Dafür und davon lebe ich seit ich denken kann. Aber diese wunderbare Frage hat mich auch auf vieles anderes wieder aufmerksam gemacht: ich bin ja nicht wie ein Spitzenkoch, der vergessen hat, selbst zu essen, oder ein Tischler, der zu Hause auf dem Boden sitzen muss oder seine Möbel bei Ikea kauft, oder ein Biobauer der sich seine Radieschen bei Ja Natürlich holt, oder ein Arzt oder Chirurg, der selbst nicht auf seine Gesundheit achtet (naja, davon kenne ich leider doch einige ), oder wie ist das denn eigentlich? Ist ein Schauspieler oder eine Schauspielerin auch Schauspielerin, wenn es weder etwas zu schauen noch zu spielen gibt? Ist ein Schriftsteller oder Schriftstellerin auch Schriftstellerin wenn man ihren Laptop, sämtliche Bleistifte, Füllfedern und Kugelschreiber, Handy und die Kontaktdaten zu ihrem Verlag geklaut hat? Ist ein Pilot oder eine Pilotin noch Pilotin ohne Fluglinie oder Flugzeuge, die gerade auch nicht fliegen dürfen? Ist ein Gastronom noch Gastronom wenn er sein Hotel seit gefühlten Ewigkeiten zugesperrt halten muss? Eine Operndiva immer noch Sängerin, auch wenn die Oper, wie auch sämtliche Theater, Konzert Locations, Musik Clubs und Kinos seit Ewigkeiten ebenfalls zugesperrt bleiben muss?

bin ich wie ein Spitzenkoch der vergessen hat selbst zu essen?

Aber JA, Natürlich sind wir alle wer wir sind, weil wir nicht ausschliesslich durch das Tun sondern eben durch unser Sein definiert sind, auch wenn man uns jetzt gerade, wie es scheint, nicht Sein lassen will oder wir gerade nicht Sein zu scheinen dürfen.
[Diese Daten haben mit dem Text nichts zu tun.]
text \<open>The heart of the stability lemma: an essential vertex \<open>u\<close> and its special neighbour \<open>a\<close>
  end up in one critical part of \<open>S - v - A(S - v)\<close> for positive \<open>v\<close>, so by
  \<open>essential_iff_raising_matching_outside\<close> they are essential in \<open>S\<close> together.\<close>

lemma essential_via_critical_part:
  assumes SV: "S \<subseteq> V" and u: "essential_on S u" and ua: "{u, a} \<in> E"
    and v: "v \<in> S" "mult_on (S - {v}) = mult_on S + 1" and GE: "gallai_edmonds (S - {v})"
    and uL: "essential_on (S - {v}) u" and aL: "essential_on (S - {v}) a"
  shows "essential_on S a"
proof -
  define L where "L = S - {v}"
  define A where "A = A_on L"
  define B where "B = D_on L"
  have LV: "L \<subseteq> V"
    using SV L_def by auto
  have GE': "mult_on (L - A) = mult_on L + card A" "D_on (L - A) = B" "separated (L - A) B"
      "\<And>K. K \<subseteq> B \<Longrightarrow> K \<noteq> {} \<Longrightarrow> separated B K \<Longrightarrow> connected_on K \<Longrightarrow> critical_on K"
    using GE unfolding gallai_edmonds_def L_def A_def B_def by auto
  have uB: "u \<in> B" and aB: "a \<in> B"
    using uL aL by (auto simp: B_def D_on_def L_def)
  have fA: "finite A"
    using finite_subset_verts[OF LV] A_on_subset finite_subset A_def by metis
  have vA: "v \<notin> A"
    using A_on_subset A_def L_def by blast
  define Z where "Z = insert v A"
  have ZS: "Z \<subseteq> S"
    using A_on_subset A_def L_def v(1) Z_def by auto
  have SZ: "S - Z = L - A"
    using Z_def L_def by auto
  have raise: "mult_on (S - Z) = mult_on S + card Z"
    using SZ GE'(1) v(2) fA vA Z_def L_def by simp
  have BLA: "B \<subseteq> L - A"
    using GE'(2) D_on_subset by metis
  define K where "K = comp_of B u"
  have uK: "u \<in> K" and aK: "a \<in> K"
    using comp_of_self[OF uB] comp_of_adj[OF comp_of_self[OF uB] aB ua] K_def by simp_all
  have KB: "K \<subseteq> B"
    using comp_of_subset K_def by simp
  have sepK: "separated (S - Z) K"
    using separated_trans[OF GE'(3) separated_comp_of comp_of_subset] SZ K_def by simp
  have "critical_on K"
    using GE'(4)[OF KB] uK separated_comp_of connected_on_comp_of K_def by blast
  then have mK: "mult_on K = 1" "mult_on (K - {u}) = 0" "mult_on (K - {a}) = 0"
    using uK aK by (auto simp: critical_on_def essential_on_def)
  have KT: "K \<subseteq> S - Z"
    using KB BLA SZ by auto
  show ?thesis
    using essential_iff_raising_matching_outside[OF SV ZS raise KT sepK mK(1) aK mK(3)]
      essential_iff_raising_matching_outside[OF SV ZS raise KT sepK mK(1) uK mK(2)] u aK KT
    by (auto simp: essential_on_def)
qed
text \<open>For stable \<open>X\<close>, a product \<open>a x\<^sub>k\<close> with \<open>x\<^sub>p | a\<close> and \<open>k < p\<close> is also \<open>(a x\<^sub>k / x\<^sub>p) x\<^sub>p\<close>.\<close>

lemma shadow_shift_stable_eq:
  assumes st: "shift_stable p X"
  shows "shadow (Suc p) X = shadow p (free_of p X) \<union> (\<lambda>a. a(p := Suc (a p))) ` X"
    (is "_ = _ \<union> ?up ` X")
proof
  show "shadow (Suc p) X \<subseteq> shadow p (free_of p X) \<union> ?up ` X"
  proof
    fix b assume "b \<in> shadow (Suc p) X"
    then obtain a k where a: "a \<in> X" "k < Suc p" "b = a(k := Suc (a k))" by (rule shadowE)
    show "b \<in> shadow p (free_of p X) \<union> ?up ` X"
    proof (cases "k = p")
      case True then show ?thesis using a by blast
    next
      case False
      then have kp: "k < p" using a(2) by simp
      show ?thesis
      proof (cases "a p = 0")
        case True
        then have "a \<in> free_of p X" unfolding free_of_def using a by simp
        then show ?thesis using shadowI[OF _ kp] a(3) by blast
      next
        case False
        let ?a' = "(a(p := a p - 1))(k := Suc (a k))"
        have "?a' \<in> X" using st a(1) False kp unfolding shift_stable_def by blast
        moreover have "b = ?up ?a'"
        proof
          fix j show "b j = (?up ?a') j"
            using a(3) False kp by (cases "j = p"; cases "j = k") auto
        qed
        ultimately show ?thesis by blast
      qed
    qed
  qed
next
  show "shadow p (free_of p X) \<union> ?up ` X \<subseteq> shadow (Suc p) X"
  proof
    fix b assume "b \<in> shadow p (free_of p X) \<union> ?up ` X"
    then show "b \<in> shadow (Suc p) X"
    proof
      assume "b \<in> shadow p (free_of p X)"
      then obtain a k where "a \<in> free_of p X" "k < p" "b = a(k := Suc (a k))" by (rule shadowE)
      then show ?thesis using shadowI[of a X k "Suc p"] unfolding free_of_def by simp
    next
      assume "b \<in> ?up ` X"
      then show ?thesis using shadowI[of _ X p "Suc p"] by auto
    qed
  qed
qed

lemma card_shadow_shift_stable:
  assumes X: "X \<subseteq> mons_deg (Suc p) d" and st: "shift_stable p X"
  shows "card (shadow (Suc p) X) = card (shadow p (free_of p X)) + card X"
proof -
  let ?up = "\<lambda>a. a(p := Suc (a p))"
  have disj: "shadow p (free_of p X) \<inter> ?up ` X = {}"
  proof -
    { fix b assume b1: "b \<in> shadow p (free_of p X)" and b2: "b \<in> ?up ` X"
      obtain a k where a: "a \<in> free_of p X" "k < p" "b = a(k := Suc (a k))" using b1 by (rule shadowE)
      have "b p = 0" using a unfolding free_of_def by simp
      moreover have "b p > 0" using b2 by auto
      ultimately have False by simp }
    then show ?thesis by blast
  qed
  have fX: "finite X" using X finite_subset_mons_deg by blast
  have f1: "finite (shadow p (free_of p X))" using finite_shadow[of "free_of p X"] fX unfolding free_of_def by simp
  have "card (shadow (Suc p) X) = card (shadow p (free_of p X)) + card (?up ` X)"
    unfolding shadow_shift_stable_eq[OF st] by (rule card_Un_disjoint[OF f1 _ disj]) (use fX in simp)
  also have "card (?up ` X) = card X" by (rule card_image[OF shift_last_inj])
  finally show ?thesis .
qed
lemma inv_part_subspace:
  assumes "x \<in> inv_part m q" "y \<in> inv_part m q"
  shows "x + y \<in> inv_part m q" "x - y \<in> inv_part m q" "sc c x \<in> inv_part m q"
  using assms by (simp_all add: inv_part_iff m_linear)

lemma bracket_inv_part:
  assumes "a \<in> inv_part m q" "b \<in> inv_part m q"
  shows "bracket6 sc m q k a b \<in> inv_part m q"
  using assms unfolding bracket6_def
  by (intro inv_part_subspace inv_part_mult inv_part_right_q) auto

lemma corner_linear:
  "pcorner (x + y) = pcorner x + pcorner y" "pcorner (x - y) = pcorner x - pcorner y"
  "pcorner (sc c x) = sc c (pcorner x)" "pcorner (- x) = - pcorner x"
  "qcorner (x + y) = qcorner x + qcorner y" "qcorner (x - y) = qcorner x - qcorner y"
  "qcorner (sc c x) = sc c (qcorner x)" "qcorner (- x) = - qcorner x"
  by (simp_all add: pcorner_def qcorner_def m_linear)

(* On the triangular algebra (U,q) both corner maps are multiplicative:
   p a b p = p a p b p + p a q b p, and q b p = 0; similarly for q. *)
lemma pcorner_mult: "b \<in> inv_part m q \<Longrightarrow> pcorner (m a b) = m (pcorner a) (pcorner b)"
proof -
  assume b: "b \<in> inv_part m q"
  have "pcorner (m a b) = m p (m a (m (p + q) (m b p)))"
    by (simp add: pcorner_def p_plus_q m_unit m_assoc)
  also have "\<dots> = m (pcorner a) (pcorner b)"
    by (simp add: pcorner_def m_linear m_assoc idems inv_part_qp[OF b])
  finally show ?thesis .
qed

lemma qcorner_mult: "a \<in> inv_part m q \<Longrightarrow> qcorner (m a b) = m (qcorner a) (qcorner b)"
proof -
  assume a: "a \<in> inv_part m q"
  have "qcorner (m a b) = m q (m a (m (p + q) (m b q)))"
    by (simp add: qcorner_def p_plus_q m_unit m_assoc)
  also have "\<dots> = m (qcorner a) (qcorner b)"
    by (simp add: qcorner_def m_linear m_assoc idems inv_part_qp[OF a])
  finally show ?thesis .
qed

lemma corner_q:
  "pcorner (m x q) = 0" "pcorner (m q x) = 0"
  "qcorner (m x q) = qcorner x" "qcorner (m q x) = qcorner x"
  by (simp_all add: pcorner_def qcorner_def m_assoc idems m_zero)

lemma pcorner_bracket:
  assumes "a \<in> inv_part m q" "b \<in> inv_part m q"
  shows "pcorner (bracket6 sc m q k a b) = m (pcorner a) (pcorner b) - m (pcorner b) (pcorner a)"
  using assms
  by (simp add: bracket6_def corner_linear pcorner_mult m_assoc corner_q inv_part_right_q
      inv_part_left_q m_zero sc.scale_right_diff_distrib)

lemma qcorner_bracket:
  assumes "a \<in> inv_part m q" "b \<in> inv_part m q"
  shows "qcorner (bracket6 sc m q k a b) = sc k (m (qcorner a) (qcorner b) - m (qcorner b) (qcorner a))"
  using assms
  by (simp add: bracket6_def corner_linear qcorner_mult m_assoc corner_q inv_part_right_q
      inv_part_left_q m_zero sc.scale_right_diff_distrib)
(* Let $f(n)$ denote the number of Wilf partitions of the positive integer $n$, and let $F(n)$ denote the number of Wilf partitions of $n$ that are fixed points of the involution $\iota$ (defined in the context). Then, as $n \to \infty$, $$\log F(n) \sim \frac12 \log f(n) \sim \frac16 (6n)^{1/3} \log n.$$
   Context: A Wilf partition of a positive integer $n$ is an integer partition of $n$ in which all nonzero multiplicities are distinct. Writing a partition as the set of its part–multiplicity pairs $(p_i,m_i)$ (meaning the part $p_i$ occurs exactly $m_i\ge 1$ times, the $p_i$ being distinct), a Wilf partition has distinct $p_i$ and distinct $m_i$. The involution $\iota$ on Wilf partitions of $n$ interchanges part sizes and multiplicities: it sends the partition with pairs $\{(p_i,m_i)\}$ to the partition with pairs $\{(m_i,p_i)\}$ (which is again a Wilf partition of $n$ since $\sum p_i m_i = n$). A fixed point of $\iota$ is a Wilf partition such that whenever $(p,m)$ is one of its part–multiplicity pairs, so is $(m,p)$. Here $a(n)\sim b(n)$ means $a(n)/b(n)\to 1$. *)

theory Defs
  imports "HOL-Analysis.Analysis" "HOL-Library.Landau_Symbols"
begin

text \<open>A partition of n is encoded by the finite set of its part-multiplicity pairs (p,m):
  part p occurs exactly m >= 1 times; the parts p are distinct.\<close>

definition wilf_partition :: "nat \<Rightarrow> (nat \<times> nat) set \<Rightarrow> bool" where
  "wilf_partition n P \<longleftrightarrow>
     finite P \<and>
     (\<forall>(p, m) \<in> P. p \<ge> 1 \<and> m \<ge> 1) \<and>
     inj_on fst P \<and> inj_on snd P \<and>
     (\<Sum>(p, m) \<in> P. p * m) = n"
(* Let $Q$ be a quantum circuit acting on $w$ qubits and $N$ a positive integer. Let $R^{(N)}$ be the circuit on $Nw+1$ qubits, consisting of a single-qubit register $\mathsf{O}$ (the first qubit) and, for each $j\in\{1,\dots,N\}$, a $(w-1)$-qubit register $\mathsf{R}_j$ and a single-qubit register $\mathsf{X}_j$, which for $j=1,\dots,N$ in turn applies $Q$ to $(\mathsf{O},\mathsf{R}_j)$ (with $\mathsf{O}$ as $Q$'s first qubit) and then the CNOT with control $\mathsf{O}$ and target $\mathsf{X}_j$; its output qubit is $\mathsf{O}$. Then \[p_{\mathrm{acc}}(R^{(N)},1)=\frac12+\frac12\bigl(2p_{\mathrm{acc}}(Q,1)-1\bigr)^N.\]
   Context: For a circuit $Q$ on $w$ qubits and $1\le k\le w$, $p_{\mathrm{acc}}(Q,k)=\mathrm{tr}\,\Pi_{\mathrm{acc}}Q\rho^{(w,k)}_{\mathrm{init}}Q^\dagger$, where $\rho^{(w,k)}_{\mathrm{init}}=(|0\rangle\langle0|)^{\otimes k}\otimes(I/2)^{\otimes(w-k)}$ and $\Pi_{\mathrm{acc}}=|0\rangle\langle0|\otimes I^{\otimes(w-1)}$; i.e., the first $k$ qubits start in $|0\rangle$, the remaining qubits are maximally mixed, and acceptance means the first qubit is measured as $0$ in the computational basis. For $R^{(N)}$ the first qubit is $\mathsf{O}$, so only $\mathsf{O}$ is clean. *)

theory Defs
  imports Complex_Main "Jordan_Normal_Form.Matrix"
begin

definition adj :: "complex mat \<Rightarrow> complex mat" where
  "adj A = mat (dim_col A) (dim_row A) (\<lambda>(i,j). cnj (A $$ (j,i)))"

definition tr :: "complex mat \<Rightarrow> complex" where
  "tr A = (\<Sum>i<dim_row A. A $$ (i,i))"

definition unitary_mat :: "nat \<Rightarrow> complex mat \<Rightarrow> bool" where
  "unitary_mat d U \<longleftrightarrow> U \<in> carrier_mat d d \<and> U * adj U = 1\<^sub>m d \<and> adj U * U = 1\<^sub>m d"

text \<open>A basis state of an n-qubit system is an index i < 2^n; qubit q (q < n, qubit 0 is
  the first qubit, i.e. the leftmost tensor factor) is the bit of weight 2^(n-1-q).\<close>

definition qbit :: "nat \<Rightarrow> nat \<Rightarrow> nat \<Rightarrow> bool" where
  "qbit n i q = odd (i div 2 ^ (n - 1 - q))"

definition subidx :: "nat \<Rightarrow> nat list \<Rightarrow> nat \<Rightarrow> nat" where
  "subidx n ps i = (\<Sum>t<length ps. if qbit n i (ps ! t) then 2 ^ (length ps - 1 - t) else 0)"

text \<open>The n-qubit operator applying the (length ps)-qubit gate U to the qubits ps
  (ps ! 0 is U's first qubit), acting as identity on all other qubits.\<close>
definition embed :: "nat \<Rightarrow> nat list \<Rightarrow> complex mat \<Rightarrow> complex mat" where
  "embed n ps U = mat (2 ^ n) (2 ^ n) (\<lambda>(i,j).
     if (\<forall>q<n. q \<notin> set ps \<longrightarrow> qbit n i q = qbit n j q)
     then U $$ (subidx n ps i, subidx n ps j) else 0)"

text \<open>CNOT on two qubits, first qubit control, second target.\<close>
definition cnot :: "complex mat" where
  "cnot = mat 4 4 (\<lambda>(i,j). if i = (if j = 2 then 3 else if j = 3 then 2 else j) then 1 else 0)"
(* Let $\mathcal C$ be a concept hierarchy, $r_1,r_2,\epsilon\in[0,1]$, $a>0$ a real with $r_1\le ar_2(1-\epsilon)$, $m$ a positive integer, and let $\mathcal L$ be the network defined below with fixed sets $F$ and $E$ satisfying the stated constraints. Then $\mathcal L$ $(r_1,r_2)$-recognizes $\mathcal C$: for every $B\subseteq C_0$ presented at time 0, (1) if $c\in supp_{r_2}(B)$ then at least $m(1-\epsilon)$ of the neurons $v\in reps(c)$ fire at time $level(c)$, and (2) if $c\notin supp_{r_1}(B)$ then no neuron $v\in reps(c)$ fires at time $level(c)$.
   Context: Concept hierarchies: fix positive integers $\ell_{max},n,k$. A universal set $D$ of concepts is partitioned into disjoint sets $D_0,\dots,D_{\ell_{max}}$ with $|D_0|=n$; $level(c)=\ell$ for $c\in D_\ell$. A concept hierarchy $\mathcal C$ consists of $C\subseteq D$, with $C_\ell=C\cap D_\ell$, and for each $c\in C_\ell$ with $1\le\ell\le\ell_{max}$ a set $children(c)\subseteq C_{\ell-1}$, such that $|C_{\ell_{max}}|=k$, $|children(c)|=k$ for all such $c$, and $children(c)\cap children(c')=\emptyset$ for distinct $c,c'\in C_\ell$. For $B\subseteq D_0$ and $r\in[0,1]$: $B(0)=B\cap C_0$; for $1\le\ell\le\ell_{max}$, $B(\ell)=\{c\in C_\ell:|children(c)\cap B(\ell-1)|\ge rk\}$; $supp_r(B)=\bigcup_{\ell}B(\ell)$. Network $\mathcal L$: neurons partitioned into layers $N_0,\dots,N_{\ell_{max}}$. Each $c\in D_0$ has a set $reps(c)$ of $m$ neurons in $N_0$, each $c\in C$ with $level(c)\ge1$ a set $reps(c)$ of $m$ neurons in $N_{level(c)}$, all pairwise disjoint. $E$ is a set of pairs $(u,v)$ with $v\in reps(c)$ and $u\in reps(c')$ for some child $c'$ of $c$; for $u\in N_{\ell-1}$, $v\in N_\ell$, $w(u,v)=1$ iff $(u,v)\in E$, else $0$. Threshold $\tau=ar_2km(1-\epsilon)$. A fixed set $F$ of neurons is failed (failed neurons never fire). Constraints: for every concept $c$, at least $m(1-\epsilon)$ neurons of $reps(c)$ are not in $F$; and for every $c$ with $level(c)\ge1$, every $v\in reps(c)$ and every child $c'$ of $c$, there are at least $am(1-\epsilon)$ neurons $u\in reps(c')\setminus F$ with $(u,v)\in E$. Input $B\subseteq C_0$ presented at time 0: a layer-0 neuron fires at time 0 iff it is in $\bigcup_{b\in B}reps(b)\setminus F$, and no layer-0 neuron fires at any other time. A non-failed $v\in N_\ell$, $\ell\ge1$, does not fire at time 0 and fires at time $t\ge1$ iff $\sum_{u\in N_{\ell-1}}w(u,v)x_u(t-1)\ge\tau$, where $x_u(s)\in\{0,1\}$ indicates whether $u$ fires at time $s$. *)

theory Defs
  imports Complex_Main
begin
Besonders die Künstler, besonders die Kunst. Und jetzt dauert schon mehr oder weniger fast ohne Unterbrechung über ein Jahr lang!!! Alle anderen zuerst – Kaufen, Saufen, Laufen, Schi foan, möglichst billig Häuser bauen und selbige wieder teuer Verkaufen….. was für ein Signal und welche Zeichen dieser Zeit sind das in Wahrheit bitte??? Dieses „ein mal eins“ ist wahrlich nicht sehr schwer zu durchschauen, zu verstehen, zu erkennen und zu erlernen. „Wirtschaft vor Mensch“ lautet die fatale Ungleichung. Und alle wissen es, und alle haben es schon immer gewusst. Diese Ungleichung lässt sich mit einer Leberkässemmel, einem Sommerspritzer, einer Liftfahrt auf den Kunstschneeberg, Sommer Sales und Winter Prozente, einer Melange to go oder einem All Inclusive Urlaub in Trips Trü so einfach sicher nicht mehr in ein auch nur annähernd gesundes Lot sowie ein fried- und freudvolles Dasein bringen.

Ungleichung

Und jetzt mach ich mir allen Ernstes einen Impftermin aus und freu mich, dass ich ihn habe, obwohl ich noch nie im Leben eine einzige Grippe Impfung hatte noch brauchte, anstatt mir ein paar Konzerte auszumachen oder mir zu überlegen, wie wir allen äusseren und inneren Umständen zum Trotz doch wieder mit einem analogen, gemeinsamen Konzerterlebnis, vor einem echten , wahrhaftigen Publikum, wo echte Funken und Fetzen sprühen und fliegen dürfen , wo echte, analoge, salzige Freuden- und Glückstränen vergossen und Angst, Panik und Sorgen vergessen werden können, wo wir uns wieder alle von dieser wahrhaftigen energetischen Welle, die wir alle von unzähligen gemeinsamen Live! Erlebnissen her kennen und der Frequenz der Musik, des Rhythmus, der Harmonie, der Beatz und Sounds berühren, tragen und gemeinsam umhüllen und umarmen lassen, wovon die digitale, virtuelle, flache, aber unglaublich schrille und schnelle Welt, so beeindruckend sie für viele zur Zeit auch sein mag, auch in aller Zukunft nur träumen wird können.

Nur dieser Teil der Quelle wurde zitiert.